Where’s your data center?
Thanks to the tremendous growth of “social” applications over the past five years, we have our pick of services for collecting, saving and sharing our experiences online. We each have collections of photos, contacts, messages and more, spread across multiple popular services like Twitter, Facebook, LinkedIn, as well as many less popular services which address particular needs or preferences. We’re also producing a wealth of “exhaust data” through our browsing history, mobile sensors, transactions and other activity streams that we rarely if ever examine directly.
This ecosystem is becoming so complex that it’s easy to lose track of what you’ve created, shared or seen. We need new tools to manage this complexity, to make the most of the wealth of information and connections available to us through various services. John Battelle calls these “metaservices”, and points to growth in the number of connections between the services we use.

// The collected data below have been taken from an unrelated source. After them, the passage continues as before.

lemma strongly_monotone_le_lipschitz:
  fixes B :: "'a::euclidean_space \<Rightarrow> 'a"
  assumes "strongly_monotone \<mu> B" and "L-lipschitz_on UNIV B"
  shows "\<mu> \<le> L"
proof -
  obtain e :: 'a where "e \<in> Basis"
    using nonempty_Basis by blast
  then have e: "norm e = 1"
    by (rule norm_Basis)
  have "\<mu> * (norm (e - 0))\<^sup>2 \<le> inner (B e - B 0) (e - 0)"
    using assms(1) unfolding strongly_monotone_def by blast
  also have "\<dots> \<le> norm (B e - B 0) * norm (e - 0)"
    by (rule norm_cauchy_schwarz)
  also have "\<dots> \<le> L * norm (e - 0) * norm (e - 0)"
    using lipschitz_onD[OF assms(2), of e 0] by (intro mult_right_mono) (auto simp: dist_norm)
  finally show ?thesis
    using e by simp
qed

lemma fbf_step_size_small:
  fixes \<mu> L x :: real
  assumes "0 < \<mu>" "\<mu> \<le> L" "\<mu> \<le> x"
  shows "2 * (2 / (x + 6 * L)) * \<mu> + 2 * (2 / (x + 6 * L))\<^sup>2 * L\<^sup>2 \<le> 1"
proof -
  define d where "d = x + 6 * L"
  have "0 < d" "7 * \<mu> \<le> d" "6 * L \<le> d"
    using assms by (auto simp: d_def)
  then have "2 / d * \<mu> \<le> 2 / 7" "2 / d * L \<le> 1 / 3"
    by (auto simp: field_simps)
  moreover have "0 \<le> 2 / d * L"
    using \<open>0 < d\<close> assms by simp
  ultimately have "(2 / d * L)\<^sup>2 \<le> (1 / 3)\<^sup>2"
    by (intro power_mono) auto
  also have "\<dots> = 1 / 9"
    by (simp add: power2_eq_square)
  finally have "(2 / d * L)\<^sup>2 \<le> 1 / 9" .
  moreover have "2 * (2 / d) * \<mu> + 2 * (2 / d)\<^sup>2 * L\<^sup>2 = 2 * (2 / d * \<mu>) + 2 * (2 / d * L)\<^sup>2"
    by (simp add: power_divide power_mult_distrib)
  ultimately show ?thesis
    using \<open>2 / d * \<mu> \<le> 2 / 7\<close> unfolding d_def[symmetric] by linarith
qed
lemma nonneg_coeffs_sqrt_approx_step: "nonneg_coeffs (sqrt_approx (Suc n) - sqrt_approx n)"
proof (induction n)
  case 0 then show ?case using nonneg_coeffs_sqrt_approx[of 1] by simp
next
  case (Suc n)
  have "sqrt_approx (Suc (Suc n)) - sqrt_approx (Suc n)
      = [:1/2:] * ((sqrt_approx (Suc n) - sqrt_approx n) * (sqrt_approx (Suc n) + sqrt_approx n))"
    by (simp only: sqrt_approx.simps(2)[of "Suc n"] sqrt_approx.simps(2)[of n])
      (simp add: algebra_simps)
  moreover have "nonneg_coeffs (sqrt_approx (Suc n) + sqrt_approx n)"
    using nonneg_coeffs_sqrt_approx nonneg_coeffs_add by blast
  moreover have "nonneg_coeffs [:1/2:]" by (rule nonneg_coeffs_const) simp
  ultimately show ?case using Suc nonneg_coeffs_mult by metis
qed

lemma nonneg_coeffs_sqrt_approx_mono: "n \<le> m \<Longrightarrow> nonneg_coeffs (sqrt_approx m - sqrt_approx n)"
proof (induction m rule: dec_induct)
  case base then show ?case by (simp add: nonneg_coeffs_def)
next
  case (step m)
  have "sqrt_approx (Suc m) - sqrt_approx n
      = (sqrt_approx (Suc m) - sqrt_approx m) + (sqrt_approx m - sqrt_approx n)" by simp
  then show ?case using step nonneg_coeffs_sqrt_approx_step nonneg_coeffs_add by metis
qed

context
  fixes a :: "'a::chilbert \<Rightarrow> 'a"
  assumes pos: "positive_op a" and form_le: "\<And>x. Re (cinner x (a x)) \<le> (cnorm x)\<^sup>2"
begin

definition one_minus :: "'a \<Rightarrow> 'a" where
  "one_minus x = x - a x"

definition sqrt_seq :: "nat \<Rightarrow> 'a \<Rightarrow> 'a" where
  "sqrt_seq n = poly_op one_minus (sqrt_approx n)"

definition sqrt_seq_lim :: "'a \<Rightarrow> 'a" where
  "sqrt_seq_lim x = (SOME L. converges (\<lambda>n. sqrt_seq n x) L)"

definition sqrt_constr :: "'a \<Rightarrow> 'a" where
  "sqrt_constr x = x - sqrt_seq_lim x"

lemma linear_op_one_minus: "linear_op one_minus"
  unfolding one_minus_def using linear_op_diff[OF linear_op_id positive_op_linear[OF pos]]
  by (simp add: id_def)

lemma selfadjoint_one_minus: "selfadjoint one_minus"
  unfolding one_minus_def
  using selfadjoint_diff[OF selfadjoint_id positive_op_selfadjoint[OF pos]] by (simp add: id_def)

lemma one_minus_form_nonneg: "Re (cinner x (one_minus x)) \<ge> 0"
  using form_le[of x] by (simp add: one_minus_def cinner_diff_right cnorm_square)

lemma cnorm_one_minus_le: "cnorm (one_minus x) \<le> cnorm x"
proof (rule cnorm_le_if_form_le)
  have "bounded_op one_minus"
    using bounded_op_diff[OF bounded_op_id, of a] pos
    by (simp add: positive_op_def one_minus_def[abs_def])
  then show "positive_op one_minus"
    using selfadjoint_one_minus one_minus_form_nonneg by (rule positive_opI)
  show "Re (cinner x (one_minus x)) \<le> (cnorm x)\<^sup>2" for x
    using positive_op_Re_nonneg[OF pos, of x]
      by (simp add: one_minus_def cinner_diff_right cnorm_square)
qed
lemma hk_profile_ge:
  assumes t: "t > 0" and G: "G \<ge> 1"
    and bound: "x \<noteq> y \<Longrightarrow> V (dist x y) * \<phi> (dist x y) \<le> G * V (\<psi> t) * t"
  shows "1 / (G * V (\<psi> t)) \<le> hk_profile V \<phi> \<psi> t x y"
proof -
  have V_psi: "V (\<psi> t) > 0" using V_pos psi_pos t by auto
  have diag: "1 / (G * V (\<psi> t)) \<le> 1 / V (\<psi> t)"
    using G V_psi by (simp add: field_simps)
  show ?thesis
  proof (cases "x = y")
    case False
    then have "V (dist x y) * \<phi> (dist x y) > 0"
      using V_pos phi_pos by simp
    then have "1 / (G * V (\<psi> t)) \<le> t / (V (dist x y) * \<phi> (dist x y))"
      using bound[OF False] G V_psi t by (simp add: field_simps)
    then show ?thesis
      using diag by (simp add: hk_profile_def)
  qed (use diag in \<open>simp add: hk_profile_def\<close>)
qed

lemma p_ge_near:
  assumes t: "t > 0" and d: "dist x y \<le> \<psi> t"
  shows "C / V (\<psi> t) \<le> p t x y"
proof -
  have bound: "V (dist x y) * \<phi> (dist x y) \<le> 1 * V (\<psi> t) * t" if "x \<noteq> y"
  proof -
    have pos: "dist x y > 0" using that by simp
    have "V (dist x y) \<le> V (\<psi> t)" using V_le pos d by auto
    moreover have "\<phi> (dist x y) \<le> t" using le_psi_iff[OF pos t] d by simp
    ultimately show ?thesis
      using phi_pos[OF pos] V_pos[OF psi_pos[OF t]] by (simp add: mult_mono)
  qed
  then have "1 / V (\<psi> t) \<le> hk_profile V \<phi> \<psi> t x y"
    using hk_profile_ge[OF t order_refl bound] by simp
  then show ?thesis
    using mult_left_mono[of _ _ C] C_pos p_ge_profile[OF t, of x y] by fastforce
qed

lemma p_le_diag:
  assumes t: "t > 0"
  shows "p t x y \<le> 1 / (C * V (\<psi> t))"
proof -
  have "p t x y \<le> hk_profile V \<phi> \<psi> t x y / C"
    using p_le_profile[OF t] .
  also have "\<dots> \<le> (1 / V (\<psi> t)) / C"
    using C_pos by (intro divide_right_mono) (auto simp: hk_profile_def)
  finally show ?thesis by (simp add: mult.commute)
qed

lemma p_le_far:
  assumes t: "t > 0" and a: "0 < a" "a \<le> dist x y"
  shows "p t x y \<le> t / (C * (V a * \<phi> a))"
proof -
  have d: "dist x y > 0" "x \<noteq> y" using a by auto
  have "V a * \<phi> a \<le> V (dist x y) * \<phi> (dist x y)"
    using V_le[OF a] phi_le_iff[OF a(1) d(1)] a V_pos[OF d(1)] phi_pos[OF a(1)] by (intro mult_mono) auto
  then have "hk_profile V \<phi> \<psi> t x y \<le> t / (V a * \<phi> a)"
    using d t V_pos[OF a(1)] phi_pos[OF a(1)] V_pos[OF d(1)] phi_pos[OF d(1)]
    by (auto simp: hk_profile_def intro!: min.coboundedI2 divide_left_mono mult_pos_pos)
  then have "hk_profile V \<phi> \<psi> t x y / C \<le> t / (V a * \<phi> a) / C"
    using C_pos by (intro divide_right_mono) auto
  then show ?thesis
    using p_le_profile[OF t, of x y] by (simp add: mult.commute)
qed

lemma prob_event_le_diag:
  assumes "t > 0" "B \<in> sets borel" "emeasure \<mu> B < \<infinity>"
  shows "measure (P x) (event_in \<Omega> X t B) \<le> measure \<mu> B / (C * V (\<psi> t))"
proof -
  have "measure (P x) (event_in \<Omega> X t B) \<le> 1 / (C * V (\<psi> t)) * measure \<mu> B"
    using p_le_diag[OF assms(1)] C_pos V_pos[OF psi_pos[OF assms(1)]] assms by (intro prob_event_le) auto
  then show ?thesis by simp
qed

lemma prob_event_ge_near:
  assumes t: "t > 0" and B: "B \<in> sets borel" "emeasure \<mu> B < \<infinity>" "B \<subseteq> cball x (\<psi> t)"
  shows "C / V (\<psi> t) * measure \<mu> B \<le> measure (P x) (event_in \<Omega> X t B)"
  using p_ge_near[OF t] B C_pos V_pos[OF psi_pos[OF t]]
  by (intro prob_event_ge[OF t B(1,2)]) (auto simp: subset_iff)

lemma prob_event_le_far:
  assumes t: "t > 0" and a: "0 < a" and B: "B \<in> sets borel" "emeasure \<mu> B < \<infinity>"
    and far: "\<And>z. z \<in> B \<Longrightarrow> a \<le> dist y z"
  shows "measure (P y) (event_in \<Omega> X t B) \<le> t / (C * (V a * \<phi> a)) * measure \<mu> B"
  using p_le_far[OF t a] far C_pos V_pos[OF a] phi_pos[OF a] t
  by (intro prob_event_le[OF t B]) auto

lemma measure_cball_le:
  assumes r: "r > 0"
  shows "measure \<mu> (cball x r) \<le> V r / C"
proof -
  have "C / V r * measure \<mu> (cball x r) \<le> measure (P x) (event_in \<Omega> X (\<phi> r) (cball x r))"
    using prob_event_ge_near[of "\<phi> r" "cball x r" x] phi_pos psi_phi r emeasure_cball_finite by simp
  also have "\<dots> \<le> 1"
    by (rule hunt_measure_le_1[OF hunt])
  finally show ?thesis
    using V_pos[OF r] C_pos by (simp add: field_simps)
qed

lemma prob_ball_le_far:
  assumes \<rho>: "\<rho> > 0" and M: "M > 0" and L: "1 \<le> L" "M * \<phi> \<rho> \<le> \<phi> (L * \<rho>)"
    and y: "2 * L * \<rho> \<le> dist x y"
  shows "measure (P y) (event_in \<Omega> X (\<phi> \<rho>) (ball x \<rho>)) \<le> measure \<mu> (ball x \<rho>) / (C * V \<rho>) / M"
proof -
  have pos: "0 < \<phi> \<rho>" "0 < V \<rho>" "0 < L * \<rho>"
    using phi_pos V_pos \<rho> L by auto
  have "\<rho> \<le> L * \<rho>"
    using L \<rho> by simp
  then have "L * \<rho> \<le> dist y z" if "z \<in> ball x \<rho>" for z
    using that y dist_triangle[of x y z] by (simp add: dist_commute)
  then have "measure (P y) (event_in \<Omega> X (\<phi> \<rho>) (ball x \<rho>))
      \<le> \<phi> \<rho> / (C * (V (L * \<rho>) * \<phi> (L * \<rho>))) * measure \<mu> (ball x \<rho>)"
    using pos emeasure_ball_finite by (intro prob_event_le_far) auto
  also have "\<dots> \<le> \<phi> \<rho> / (C * (V \<rho> * (M * \<phi> \<rho>))) * measure \<mu> (ball x \<rho>)"
  proof -
    have "C * (V \<rho> * (M * \<phi> \<rho>)) \<le> C * (V (L * \<rho>) * \<phi> (L * \<rho>))"
      using V_le[OF \<rho> \<open>\<rho> \<le> L * \<rho>\<close>] L pos M C_pos V_pos[OF pos(3)]
      by (intro mult_left_mono mult_mono) auto
    then show ?thesis
      using pos M C_pos V_pos[OF pos(3)] phi_pos[OF pos(3)]
      by (intro mult_right_mono divide_left_mono mult_pos_pos) auto
  qed
  also have "\<dots> = measure \<mu> (ball x \<rho>) / (C * V \<rho>) / M"
    using pos by simp
  finally show ?thesis .
qed

lemma prob_ball_return_le:
  assumes \<rho>: "\<rho> > 0" and M: "M > 0" and L: "1 \<le> L" "M * \<phi> \<rho> \<le> \<phi> (L * \<rho>)"
  shows "measure (P x) (event_in \<Omega> X (\<phi> \<rho> + \<phi> \<rho>) (ball x \<rho>))
    \<le> measure \<mu> (ball x \<rho>) / (C * V \<rho>) * (measure \<mu> (ball x (2 * L * \<rho>)) / (C * V \<rho>) + 1 / M)"
proof -
  define \<alpha> where "\<alpha> = measure \<mu> (ball x \<rho>) / (C * V \<rho>)"
  have s: "0 < \<phi> \<rho>" "\<psi> (\<phi> \<rho>) = \<rho>"
    using phi_pos psi_phi \<rho> by auto
  have \<alpha>: "0 \<le> \<alpha>"
    using V_pos[OF \<rho>] C_pos by (simp add: \<alpha>_def)
  have "measure (P x) (event_in \<Omega> X (\<phi> \<rho> + \<phi> \<rho>) (ball x \<rho>))
      \<le> \<alpha> * measure (P x) (event_in \<Omega> X (\<phi> \<rho>) (ball x (2 * L * \<rho>))) + \<alpha> / M"
  proof (rule measure_markov_split_le[OF hunt])
    show "measure (P y) (event_in \<Omega> X (\<phi> \<rho>) (ball x \<rho>)) \<le> \<alpha>" for y
      using prob_event_le_diag[OF s(1), of "ball x \<rho>"] s emeasure_ball_finite by (simp add: \<alpha>_def)
    show "measure (P y) (event_in \<Omega> X (\<phi> \<rho>) (ball x \<rho>)) \<le> \<alpha> / M" if "y \<notin> ball x (2 * L * \<rho>)" for y
      using that prob_ball_le_far[OF \<rho> M L, of x y] by (simp add: \<alpha>_def)
  qed (use s \<alpha> M in auto)
  also have "\<dots> \<le> \<alpha> * (measure \<mu> (ball x (2 * L * \<rho>)) / (C * V \<rho>)) + \<alpha> / M"
    using mult_left_mono[OF prob_event_le_diag[OF s(1), of "ball x (2 * L * \<rho>)" x] \<alpha>]
      s emeasure_ball_finite by simp
  finally show ?thesis
    by (simp add: \<alpha>_def distrib_left)
qed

I expect that this next age of information tools will center around data rather than services. Data is a common denominator for these online experiences, a bridge across disparate services, technologies, social graphs, and life cycles. Personal data, in particular, has this property: the only thing that links together your photos on Flickr, Facebook, Picasa and Twitpic is…you.
So where’s your “data center”? I don’t anticipate the emergence of a single service where you do everything. There will continue to be innovation in the form of new and specialized services which meet a particular need very well. There won’t be a single service which is everything to everybody.
Instead, I foresee us wanting to track, save, use and control all of our “stuff” across the web. That’s why my new colleagues and I are working to make that possible.
There’s open source code available on github, a vibrant IRC channel (#lockerproject on Freeenode), and lots more I’d like to write about it. But it’s time to get back to work for now…
Franklin St. Statement. seems useful to mention.
http://autonomo.us/2008/07/franklin-street-statement/
kevix
August 10, 2011 at 07:00
Absolutely, there’s a lot of common ground there.
Matt Zimmerman
August 10, 2011 at 16:21
I whole heartedly agree with you. Data is going to be the tradeable commodity of the future. Although data centers are not a one stop service yet, they soon will be.